I think I’m getting old. A few weeks after ditching digital filing and to-do lists and returning to paper, I’m now going back to the Stone Age with a clock that has a face, three hands, and an audible ticker.
After years of relying on my computer’s digital clock to keep track of time, I finally realized that I had lost all sense of time’s passing. I couldn’t figure out where all the time was going each day. Hour would merge into hour, morning into afternoon into evening. Where is my time going? I’d sit down to work at 6am and a few minutes later it was 6pm. What happened there? The hours had passed, but how? and where did they go? 10am seemed the same as 1pm and 4pm.
I looked around my study and my eye landed on an old clock I’d been meaning to throw out. One of these ancient round things with numbers round the perimeter and three different arms anchored to the center. I’m going to try that, I thought. So, out with the screwdriver and rawlplugs, and up it went just above my screen, and always in the line of sight.
A tick-tock clock
As soon as it started ticking, my life changed. I had a new, deep, and profound sense of the passing of time. Every tick was unique and unrepeatable.
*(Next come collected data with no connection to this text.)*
theorem mainTheorem16:
  fixes sx sy r x1 y1 :: real
  assumes "sx > 0" and "sy > 0" and "0 < r" and "r < 1" and "sx < sy"
    and "x1\<^sup>2 + y1\<^sup>2 < 2 * (x2star sx sy r)\<^sup>2"
  shows "payoff sx sy r (x1, y1) (x2star sx sy r, x2star sx sy r) > 0"
proof -
  define c where "c = x2star sx sy r"
  define t where "t = (2 * c\<^sup>2 - x1\<^sup>2 - y1\<^sup>2) / 2"
  define \<sigma> where "\<sigma> = sqrt (binorm_variance sx sy r (c - x1) (c - y1))"
  define P where "P = measure (centered_normal \<sigma>) {t<..}"
  have r: "r\<^sup>2 < 1" using assms(3,4) by (simp add: power_less_one_iff abs_less_iff)
  have c: "c > 0" using assms(1-3) by (simp add: c_def x2star_def add_pos_pos)
  have n: "x1\<^sup>2 + y1\<^sup>2 < 2 * c\<^sup>2" using assms(6) by (simp add: c_def)
  then have "(x1, y1) \<noteq> (c, c)" by auto
  then have \<sigma>: "\<sigma> > 0" and payoff: "payoff sx sy r (x1, y1) (c, c) = (x1 + y1) * (1 - P) + 2 * c * P"
    using payoff_eq_normal_tail[OF assms(1,2) r, of "(x1, y1)" "(c, c)"] binorm_variance_pos[OF assms(1,2) r]
    by (auto simp: P_def \<sigma>_def t_def power2_eq_square)
  interpret prob_space "centered_normal \<sigma>" using prob_space_centered_normal[OF \<sigma>] .
  have "0 < P" "P \<le> 1" using measure_centered_normal_greaterThan_pos[OF \<sigma>] by (simp_all add: P_def)
  show ?thesis
  proof (cases "x1 + y1 \<ge> 0")
    case True
    with \<open>0 < P\<close> \<open>P \<le> 1\<close> c show ?thesis unfolding c_def[symmetric] payoff by (simp add: add_nonneg_pos)
  next
    case False
    then have "min (c - x1) (c - y1) > 0" using min_gap_pos[OF c _ n] by simp
    moreover have "t \<ge> 0" using n by (simp add: t_def)
    ultimately have "1/2 - t / (4 * c * min (c - x1) (c - y1)) \<le> P"
      using centered_normal_tail_ge_x2star[of sx sy r "min (c - x1) (c - y1)" "c - x1" "c - y1" t] assms(1-3)
      unfolding P_def \<sigma>_def c_def by simp
    then show ?thesis unfolding c_def[symmetric] payoff
      using tail_combination_pos[OF c _ n] False by (simp add: t_def)
  qed
qed

end
lemma target_gf_le_exp:
  assumes "0 < \<alpha>" "\<alpha> \<le> alpha_drift" "0 \<le> l" "l * (1 + \<alpha> * m1 / 2) \<le> 1"
    and v: "is_return_supersolution l v" and "0 \<le> y"
  shows "target_gf (ennreal l) y \<le> ennreal ((1 + (\<Sum>e\<in>B. v e)) * exp (\<alpha> * y))"
proof -
  define w where "w e = (if e = k then 1 else ennreal (v e))" for e
  have v_nonneg: "\<forall>x\<in>B. 0 \<le> v x"
    and v_super: "\<forall>x\<in>B. return_gf (ennreal l) x k + (\<Sum>e\<in>B. return_gf (ennreal l) x e * ennreal (v e)) \<le> ennreal (v x)"
    using v unfolding is_return_supersolution_def by auto
  define W where "W = 1 + (\<Sum>e\<in>B. v e)"
  have "1 \<le> W" unfolding W_def using v_nonneg by (simp add: sum_nonneg)
  have w_le: "w e \<le> ennreal W" if "e \<in> E" for e
  proof (cases "e = k")
    case False
    then have "e \<in> B" using that E_eq by auto
    then have "v e \<le> (\<Sum>e\<in>B. v e)" using finite_B v_nonneg by (intro member_le_sum) auto
    then show ?thesis using False unfolding W_def w_def by (simp add: ennreal_leI)
  qed (use \<open>1 \<le> W\<close> w_def in auto)
  have "(\<Sum>e\<in>E. return_gf (ennreal l) x e * w e) \<le> w x" if "x \<in> B" for x
  proof -
    have "(\<Sum>e\<in>B. return_gf (ennreal l) x e * w e) = (\<Sum>e\<in>B. return_gf (ennreal l) x e * ennreal (v e))"
      using k_notin_B by (intro sum.cong) (auto simp: w_def)
    then show ?thesis
      using v_super that k_notin_B finite_B unfolding E_eq by (auto simp: w_def)
  qed
  then have "target_gf (ennreal l) y \<le> (\<Sum>e\<in>E. entry_gf (ennreal l) e y * w e)"
    using \<open>0 \<le> y\<close> by (intro target_gf_le_entry_gf) (auto simp: w_def)
  also have "\<dots> \<le> (\<Sum>e\<in>E. entry_gf (ennreal l) e y) * ennreal W"
    unfolding sum_distrib_right by (intro sum_mono mult_left_mono w_le) auto
  also have "\<dots> \<le> ennreal (exp (\<alpha> * y)) * ennreal W"
    using sum_entry_gf_le_exp assms by (intro mult_right_mono) auto
  finally show ?thesis using \<open>1 \<le> W\<close> unfolding W_def by (simp add: ennreal_mult mult.commute)
qed

lemma target_gf_exp_bound:
  assumes "0 < \<theta>"
  obtains l C where "1 < l" "0 \<le> C"
    "\<And>x. 0 \<le> x \<Longrightarrow> (\<integral>\<^sup>+ v. target_gf (ennreal l) v \<partial>measure_pmf (kerX x)) \<le> ennreal (C * exp (\<theta> * x))"
proof -
  obtain l1 where "1 < l1" and super: "\<And>l. 1 < l \<Longrightarrow> l \<le> l1 \<Longrightarrow> \<exists>v. is_return_supersolution l v"
    using return_supersolution_exists by blast
  define \<alpha> where "\<alpha> = min \<theta> alpha_drift"
  have \<alpha>: "0 < \<alpha>" "\<alpha> \<le> alpha_drift" "\<alpha> \<le> \<theta>" "\<alpha> \<le> d"
    unfolding \<alpha>_def using assms alpha_drift_pos alpha_drift_le by auto
  define \<rho> where "\<rho> = 1 + \<alpha> * m1 / 2"
  have \<rho>: "0 < \<rho>" "\<rho> < 1" unfolding \<rho>_def using drift_factor_bounds[OF \<alpha>(1,2)] by auto
  define l where "l = min (1 / \<rho>) l1"
  have "1 < 1 / \<rho>" using \<rho> by simp
  then have "1 < l" "l \<le> l1" unfolding l_def using \<open>1 < l1\<close> by auto
  moreover have "l * \<rho> \<le> 1 / \<rho> * \<rho>" using \<rho> unfolding l_def by (intro mult_right_mono) auto
  ultimately have l: "1 < l" "l \<le> l1" "l * (1 + \<alpha> * m1 / 2) \<le> 1"
    using \<rho> unfolding \<rho>_def by auto
  obtain v where v: "is_return_supersolution l v" using super[OF l(1,2)] by blast
  define W where "W = 1 + (\<Sum>e\<in>B. v e)"
  have "0 \<le> W" using v unfolding W_def is_return_supersolution_def by (simp add: sum_nonneg add_nonneg_nonneg)
  have "(\<integral>\<^sup>+ v. target_gf (ennreal l) v \<partial>measure_pmf (kerX x)) \<le> ennreal (W * exp_fst_const * exp (\<theta> * x))"
    if "0 \<le> x" for x
  proof -
    have "target_gf (ennreal l) y \<le> ennreal (W * exp (\<alpha> * y))" if "0 \<le> y" for y
      using target_gf_le_exp[OF \<alpha>(1,2) _ l(3) v that] l unfolding W_def by simp
    then show ?thesis
      using nn_integral_kerX_le_exp[of "target_gf (ennreal l)" W \<alpha> \<theta> x] \<alpha> \<open>0 \<le> W\<close> that by simp
  qed
  then show ?thesis
    using that[OF l(1), of "W * exp_fst_const"] \<open>0 \<le> W\<close> exp_fst_const_pos by simp
qed

section \<open>The second coordinate at the hitting time\<close>

lemma hitA_eq_hit_at: "hitA K k N t w = hit_at K (\<lambda>w. fst w = k) (\<lambda>w. if int N \<le> \<bar>snd w\<bar> then 1 else 0) 1 t w"
proof (induction t arbitrary: w)
  case (Suc t)
  have "hitA K k N t = hit_at K (\<lambda>w. fst w = k) (\<lambda>w. if int N \<le> \<bar>snd w\<bar> then 1 else 0) 1 t"
    using Suc.IH by (rule ext)
  then show ?case by simp
qed simp

lemma hitA_le_hit_at_kerX: "hitA K k N t w \<le> hit_at kerX (\<lambda>x. x = k) (\<lambda>_. 1) 1 t (fst w)"
proof -
  have "hitA K k N t w \<le> hit_at K (\<lambda>w. fst w = k) (\<lambda>_. 1) 1 t w"
    unfolding hitA_eq_hit_at by (intro hit_at_mono) simp
  also have "\<dots> = hit_at kerX (\<lambda>x. x = k) (\<lambda>_. 1) 1 t (fst w)"
    using hit_at_lumped[of fst K kerX "\<lambda>x. x = k" "\<lambda>_. 1"] map_fst_kerZ1 by simp
  finally show ?thesis .
qed

definition phi :: "real \<Rightarrow> real" where
  "phi y = exp (g * y) + exp (- g * y)"

definition growth_const :: real where
  "growth_const = c * exp (d * k0) + exp (g * k0) + 2"

lemma growth_const_ge_2: "2 \<le> growth_const"
  unfolding growth_const_def using c_pos by (simp add: add_nonneg_nonneg)

lemma phi_pos: "0 < phi y"
  unfolding phi_def by (simp add: add_pos_pos)

lemma phi_growth:
  "(\<integral>\<^sup>+ v. ennreal (phi (real_of_int (snd v))) \<partial>measure_pmf (K w)) \<le> ennreal (growth_const * phi (real_of_int (snd w)))"
proof -
  let ?y = "real_of_int (snd w)"
  have "(\<integral>\<^sup>+ v. ennreal (phi (real_of_int (snd v))) \<partial>measure_pmf (K w))
      = (\<integral>\<^sup>+ ab. ennreal (exp (g * ?y)) * ennreal (exp (g * real_of_int (snd ab)))
              + ennreal (exp (- g * ?y)) * ennreal (exp (- g * real_of_int (snd ab))) \<partial>measure_pmf (incr (fst w)))"
    unfolding nn_integral_kerZ1
  proof (intro nn_integral_cong)
    fix ab :: "int \<times> int"
    have "phi (?y + real_of_int (snd ab))
        = exp (g * ?y) * exp (g * real_of_int (snd ab)) + exp (- g * ?y) * exp (- g * real_of_int (snd ab))"
      unfolding phi_def by (simp add: distrib_left flip: exp_add)
    then show "ennreal (phi (real_of_int (snd (fst w + fst ab, snd w + snd ab))))
        = ennreal (exp (g * ?y)) * ennreal (exp (g * real_of_int (snd ab)))
          + ennreal (exp (- g * ?y)) * ennreal (exp (- g * real_of_int (snd ab)))"
      by (simp add: ennreal_plus ennreal_mult)
  qed
  also have "\<dots> = ennreal (exp (g * ?y)) * (\<integral>\<^sup>+ ab. ennreal (exp (g * real_of_int (snd ab))) \<partial>measure_pmf (incr (fst w)))
      + ennreal (exp (- g * ?y)) * (\<integral>\<^sup>+ ab. ennreal (exp (- g * real_of_int (snd ab))) \<partial>measure_pmf (incr (fst w)))"
    by (subst nn_integral_add) (auto simp: nn_integral_cmult)
  also have "\<dots> \<le> ennreal (exp (g * ?y)) * ennreal (c * exp (d * k0)) + ennreal (exp (- g * ?y)) * ennreal (exp (g * k0))"
    using incr_exp_snd_le incr_exp_neg_snd_le by (intro add_mono mult_left_mono) auto
  also have "\<dots> = ennreal (exp (g * ?y) * (c * exp (d * k0)) + exp (- g * ?y) * exp (g * k0))"
    using c_pos by (simp add: ennreal_mult ennreal_plus)
  also have "\<dots> \<le> ennreal (exp (g * ?y) * growth_const + exp (- g * ?y) * growth_const)"
    using c_pos unfolding growth_const_def by (intro ennreal_leI add_mono mult_left_mono) auto
  also have "\<dots> = ennreal (growth_const * phi ?y)"
    unfolding phi_def by (simp add: algebra_simps)
  finally show ?thesis .
qed

text \<open>Chernoff bound: \<open>phi (Y)\<close> grows at most geometrically along the walk.\<close>
lemma hitA_le_geometric: "hitA K k N t w \<le> ennreal (exp (- g * N) * growth_const ^ t * phi (real_of_int (snd w)))"
proof -
  define V where "V w = ennreal (exp (- g * N) * phi (real_of_int (snd w)))" for w :: "int \<times> int"
  have "hit_at K (\<lambda>w. fst w = k) (\<lambda>w. if int N \<le> \<bar>snd w\<bar> then 1 else 0) 1 t w \<le> ennreal growth_const ^ t * V w"
  proof (rule hit_at_le_geometric)
    show "(if int N \<le> \<bar>snd w\<bar> then 1 else 0) \<le> V w" for w
    proof (cases "int N \<le> \<bar>snd w\<bar>")
      case True
      then have "exp (g * N) \<le> exp (g * \<bar>real_of_int (snd w)\<bar>)" using g_pos by simp
      also have "\<dots> \<le> phi (real_of_int (snd w))" unfolding phi_def by (cases "0 \<le> snd w") (auto simp: abs_if)
      finally show ?thesis using True unfolding V_def by (simp add: exp_minus field_simps ennreal_leI)
    qed (simp add: V_def)
    show "(\<integral>\<^sup>+ v. V v \<partial>measure_pmf (K w)) \<le> ennreal growth_const * V w" for w
    proof -
      have "(\<integral>\<^sup>+ v. V v \<partial>measure_pmf (K w))
          = ennreal (exp (- g * N)) * (\<integral>\<^sup>+ v. ennreal (phi (real_of_int (snd v))) \<partial>measure_pmf (K w))"
        unfolding V_def using less_imp_le[OF phi_pos] by (simp add: ennreal_mult'' nn_integral_cmult)
      also have "\<dots> \<le> ennreal (exp (- g * N)) * ennreal (growth_const * phi (real_of_int (snd w)))"
        by (intro mult_left_mono phi_growth) simp
      also have "\<dots> = ennreal growth_const * V w"
        unfolding V_def using less_imp_le[OF phi_pos] growth_const_ge_2
        by (simp add: ennreal_mult[symmetric] mult_ac)
      finally show ?thesis .
    qed
  qed
  then show ?thesis
    unfolding hitA_eq_hit_at V_def using phi_pos growth_const_ge_2
    by (simp add: ennreal_power ennreal_mult'' mult_ac)
qed
(* With g = \<nabla>L(\<theta>) + b + \<xi>, smoothness gives
   L(\<theta> + \<eta> g) \<ge> L(\<theta>) + \<eta> <\<nabla>L(\<theta>), g> - L \<eta>^2 |g|^2 and |\<nabla>L + b|^2 \<le> 2|\<nabla>L|^2 + 2|b|^2.
   Taking expectations, the terms linear in \<xi> vanish because \<xi>_t is conditionally centred
   given F_t while \<nabla>L(\<theta>_t) and b_t are F_t-measurable; with \<eta> \<le> 1/(4L) this leaves
   (\<eta>/2) E|\<nabla>L(\<theta>_t)|^2 \<le> E L(\<theta>_(t+1)) - E L(\<theta>_t) - \<eta> E<\<nabla>L(\<theta>_t), b_t>
                           + 2L\<eta>^2 E|b_t|^2 + L\<eta>^2\<sigma>^2.
   By (A.5) and (A.6), b_t is B_t applied to the last \<tau>_t steps plus r_t; the most recent step
   gives the negative drift through (A.7) and (A.8), the older ones and r_t are the error
   terms. Telescoping over t < T, bounding E L(\<theta>_T) by sup L and the minimum by the
   average yields the claim. *)

(* The sharp constant is Lip/2; the weaker form suffices for the theorem. *)
lemma lipschitz_gradient_ascent_bound:
  fixes Lf :: "'a::real_inner \<Rightarrow> real" and gradL :: "'a \<Rightarrow> 'a"
  assumes grad: "\<And>x. (Lf has_derivative (\<lambda>h. gradL x \<bullet> h)) (at x)"
    and lip: "\<And>x y. norm (gradL x - gradL y) \<le> Lip * norm (x - y)"
    and "0 \<le> Lip"
  shows "Lf x + gradL x \<bullet> (y - x) - Lip * (norm (y - x))\<^sup>2 \<le> Lf y"
proof -
  define v where "v = y - x"
  define \<phi> where "\<phi> s = Lf (x + s *\<^sub>R v)" for s :: real
  have deriv: "(\<phi> has_real_derivative gradL (x + s *\<^sub>R v) \<bullet> v) (at s)" for s
  proof -
    have "((\<lambda>s. x + s *\<^sub>R v) has_derivative (\<lambda>h. h *\<^sub>R v)) (at s)"
      by (auto intro!: derivative_eq_intros)
    from has_derivative_compose[OF this grad]
    show ?thesis
      unfolding \<phi>_def has_field_derivative_def by (simp add: o_def mult.commute[of _ "gradL _ \<bullet> v"])
  qed
  obtain c where c: "0 < c" "c < 1" "\<phi> 1 - \<phi> 0 = gradL (x + c *\<^sub>R v) \<bullet> v"
    using MVT2[of 0 1 \<phi> "\<lambda>s. gradL (x + s *\<^sub>R v) \<bullet> v"] deriv by auto
  have "\<bar>gradL (x + c *\<^sub>R v) \<bullet> v - gradL x \<bullet> v\<bar> \<le> norm (gradL (x + c *\<^sub>R v) - gradL x) * norm v"
    by (metis Cauchy_Schwarz_ineq2 inner_diff_left)
  also have "\<dots> \<le> Lip * (c * norm v) * norm v"
    using lip[of "x + c *\<^sub>R v" x] c by (intro mult_right_mono) auto
  also have "\<dots> = c * (Lip * (norm v)\<^sup>2)"
    by (simp add: power2_eq_square)
  also have "\<dots> \<le> Lip * (norm v)\<^sup>2"
    using c \<open>0 \<le> Lip\<close> by (intro mult_left_le_one_le) auto
  finally show ?thesis
    using c(3) unfolding \<phi>_def v_def by (simp add: abs_le_iff)
qed
lemma psi_eq_inner: "psi T q t = inner (a t) (lincomb atom T q)"
  by (simp add: psi_def kern_def inner_lincomb_right)

lemma psi_attains_max:
  assumes "T \<noteq> {}" "\<forall>l\<in>T. 0 < q l"
  shows "\<exists>t0. \<forall>t. psi T q t \<le> psi T q t0"
proof -
  obtain j where "j \<in> T" using assms(1) by blast
  from admissible_kernel_weighted_sum_attains_max[OF kernel _ this assms(2)]
  show ?thesis by (simp add: psi_def)
qed

lemma psi_maximizer_in_support:
  assumes "T \<noteq> {}" "\<forall>l\<in>T. 0 < q l" "\<forall>t. psi T q t \<le> psi T q t0"
  shows "t0 \<in> \<theta>s ` T"
proof -
  \<comment> \<open>Admissibility of the support only speaks about weights of total mass below 1.\<close>
  define s where "s = 1 / (sum q T + 1)"
  have "0 \<le> sum q T" using assms(2) by (intro sum_nonneg) auto
  then have s_pos: "0 < s" and "s * sum q T < 1"
    by (simp_all add: s_def)
  have "\<forall>l\<in>T. 0 < s * q l" using assms(2) s_pos by simp
  moreover have "sum (\<lambda>l. s * q l) T < 1"
    using \<open>s * sum q T < 1\<close> by (simp add: sum_distrib_left)
  moreover have "\<forall>t. (\<Sum>l\<in>T. s * q l * kern a t (\<theta>s l)) \<le> (\<Sum>l\<in>T. s * q l * kern a t0 (\<theta>s l))"
    using assms(3) s_pos by (simp add: psi_def mult.assoc flip: sum_distrib_left)
  ultimately show ?thesis
    by (rule admissible_support_maximizer[OF support assms(1)])
qed

lemma psi_less_max:
  assumes "T \<noteq> {}" "\<forall>l\<in>T. 0 < q l" "\<forall>t. psi T q t \<le> psi T q t0" "t \<notin> \<theta>s ` T"
  shows "psi T q t < psi T q t0"
proof (rule ccontr)
  assume "\<not> psi T q t < psi T q t0"
  then have "\<forall>t'. psi T q t' \<le> psi T q t" using assms(3) by (meson not_less order_trans)
  then show False using psi_maximizer_in_support[OF assms(1,2)] assms(4) by blast
qed

lemma psi_ge_weight:
  assumes "l \<in> T" "\<forall>i\<in>T. 0 \<le> q i"
  shows "q l \<le> psi T q (\<theta>s l)"
proof -
  have "q l * kern a (\<theta>s l) (\<theta>s l) \<le> psi T q (\<theta>s l)"
    unfolding psi_def using assms kern_nonneg[OF kernel] by (intro member_le_sum) auto
  then show ?thesis by (simp add: kern_self[OF kernel])
qed

lemma lincomb_atoms_zero_imp_nonpos:
  assumes "lincomb atom UNIV c = 0"
  shows "c l \<le> 0"
proof (rule ccontr)
  assume "\<not> c l \<le> 0"
  define P where "P = {i. 0 < c i}"
  define N where "N = {i. c i < 0}"
  have "l \<in> P" and P_pos: "\<forall>i\<in>P. 0 < c i"
    using \<open>\<not> c l \<le> 0\<close> by (auto simp: P_def)
  have "lincomb atom UNIV c = lincomb atom (P \<union> N) c"
    unfolding lincomb_def by (intro sum.mono_neutral_right) (auto simp: P_def N_def)
  also have "\<dots> = lincomb atom P c + lincomb atom N c"
    unfolding lincomb_def by (intro sum.union_disjoint) (auto simp: P_def N_def)
  finally have "lincomb atom P c = lincomb atom N (\<lambda>i. - c i)"
    using assms by (simp add: lincomb_def sum_negf eq_neg_iff_add_eq_0)
  then have psi_eq: "psi P c = psi N (\<lambda>i. - c i)"
    by (simp add: psi_eq_inner fun_eq_iff)
  obtain t0 where t0: "\<forall>t. psi P c t \<le> psi P c t0"
    using psi_attains_max[of P c] \<open>l \<in> P\<close> P_pos by blast
  show False
  proof (cases "N = {}")
    case True
    then have "psi P c (\<theta>s l) = 0" by (simp add: psi_eq psi_def)
    moreover have "c l \<le> psi P c (\<theta>s l)"
      using P_pos by (intro psi_ge_weight[OF \<open>l \<in> P\<close>]) (simp add: less_imp_le)
    ultimately show False using \<open>\<not> c l \<le> 0\<close> by simp
  next
    case False
    have "t0 \<in> \<theta>s ` P" by (rule psi_maximizer_in_support) (use \<open>l \<in> P\<close> P_pos t0 in auto)
    moreover have "t0 \<in> \<theta>s ` N"
      by (rule psi_maximizer_in_support) (use False t0 in \<open>auto simp: psi_eq N_def\<close>)
    ultimately show False using inj by (auto simp: P_def N_def dest: injD)
  qed
qed

lemma lincomb_atoms_independent:
  assumes "lincomb atom UNIV c = 0"
  shows "c l = 0"
proof -
  have "lincomb atom UNIV (\<lambda>i. - c i) = 0"
    using assms by (simp add: lincomb_def sum_negf)
  then show ?thesis
    using lincomb_atoms_zero_imp_nonpos[OF assms, of l]
      lincomb_atoms_zero_imp_nonpos[of "\<lambda>i. - c i" l] by simp
qed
The tocks marched onwards unstoppably and irreversibly.
And instead of a few pixels and 4mm high digits that barely changed in appearance throughout the day I now have a very visible foot-high reminder that time is passing. 10.05 looks very different to 10.25, the sweeping arms visualizing and emphasizing the sweeping tides of time. Internet activity can now be measured in inches as well as minutes.
These new sights and sounds demand accountability and productivity. They are my way of more sincerely praying, “So teach us to number our days, that we may gain a heart of wisdom” (Ps. 90:12).